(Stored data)
(* Let $H=\Bbbk^G{}^\tau\#_\sigma\Bbbk F$ be the Hopf algebra described in the context and for $f\in F$ let $C_f=\mathrm{span}\{p_g\#(g'\triangleright f)\mid g,g'\in G\}$. (1) For every $f\in F$, $C_f$ is a cosemisimple subcoalgebra of $H$; moreover $C_{1_F}$ is a (cosemisimple) Hopf subalgebra of $H$ and $C_{1_F}\cong\Bbbk^G$ as Hopf algebras via $p_g\#1_F\mapsto p_g$. (2) If $G_f=\{1_G\}$, then $C_f$ is a simple subcoalgebra of $H$, and in this case $S(C_f)=C_f$ if and only if $G_{f,f^{-1}}\neq\emptyset$.
   Context: Standing setup: $\Bbbk$ is an algebraically closed field of characteristic $0$, $F$ a group (possibly infinite), $G$ a finite group, and $(F,G,\triangleleft,\triangleright)$ a matched pair: $\triangleright:G\times F\to F$ a left action of $G$ on the set $F$, $\triangleleft:G\times F\to G$ a right action of $F$ on the set $G$, with $g\triangleright(ff')=(g\triangleright f)((g\triangleleft f)\triangleright f')$ and $(gg')\triangleleft f=(g\triangleleft(g'\triangleright f))(g'\triangleleft f)$. Maps $\sigma:G\times F\times F\to\Bbbk^\times$, $(g,f,f')\mapsto\sigma(g;f,f')$, and $\tau:G\times G\times F\to\Bbbk^\times$, $(g,g',f)\mapsto\tau(g,g';f)$, satisfy: $\sigma(g;1_F,f)=\sigma(g;f,1_F)=\sigma(1_G;f,f')=1$; $\sigma(g\triangleleft f;f',f'')\sigma(g;f,f'f'')=\sigma(g;f,f')\sigma(g;ff',f'')$; $\tau(1_G,g;f)=\tau(g,1_G;f)=\tau(g,g';1_F)=1$; $\tau(g,g';g''\triangleright f)\tau(gg',g'';f)=\tau(g,g'g'';f)\tau(g',g'';f)$; and $\sigma(gg';f,f')\tau(g,g';ff')=\sigma(g;g'\triangleright f,(g'\triangleleft f)\triangleright f')\sigma(g';f,f')\tau(g,g';f)\tau(g\triangleleft(g'\triangleright f),g'\triangleleft f;f')$. $H$ has basis $\{p_g\#f\}$ ($\{p_g\}$ the dual basis of $\Bbbk^G$), unit $\sum_g p_g\#1_F$, product $(p_g\#f)(p_{g'}\#f')=\delta_{g\triangleleft f,g'}\sigma(g;f,f')p_g\#ff'$, coproduct $\Delta(p_g\#f)=\sum_{x\in G}\tau(gx^{-1},x;f)\,p_{gx^{-1}}\#(x\triangleright f)\otimes p_x\#f$, counit $\varepsilon(p_g\#f)=\delta_{g,1_G}$, antipode $S(p_g\#f)=\sigma(g^{-1};g\triangleright f,(g\triangleright f)^{-1})^{-1}\tau(g^{-1},g;f)^{-1}p_{(g\triangleleft f)^{-1}}\#(g\triangleright f)^{-1}$. Notation: $G_f=\{g\in G\mid g\triangleright f=f\}$ and $G_{f,f^{-1}}=\{g\in G\mid g\triangleright f=f^{-1}\}$. *)

theory Defs
  imports "HOL-Algebra.Group" "HOL-Computational_Algebra.Polynomial"
begin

**What needs to be done**
Copy exactly. Start at the line containing "theory Defs" and continue through the last line of the records.

**Answer to this problem**
theory Defs
  imports "HOL-Algebra.Group" "HOL-Computational_Algebra.Polynomial"
begin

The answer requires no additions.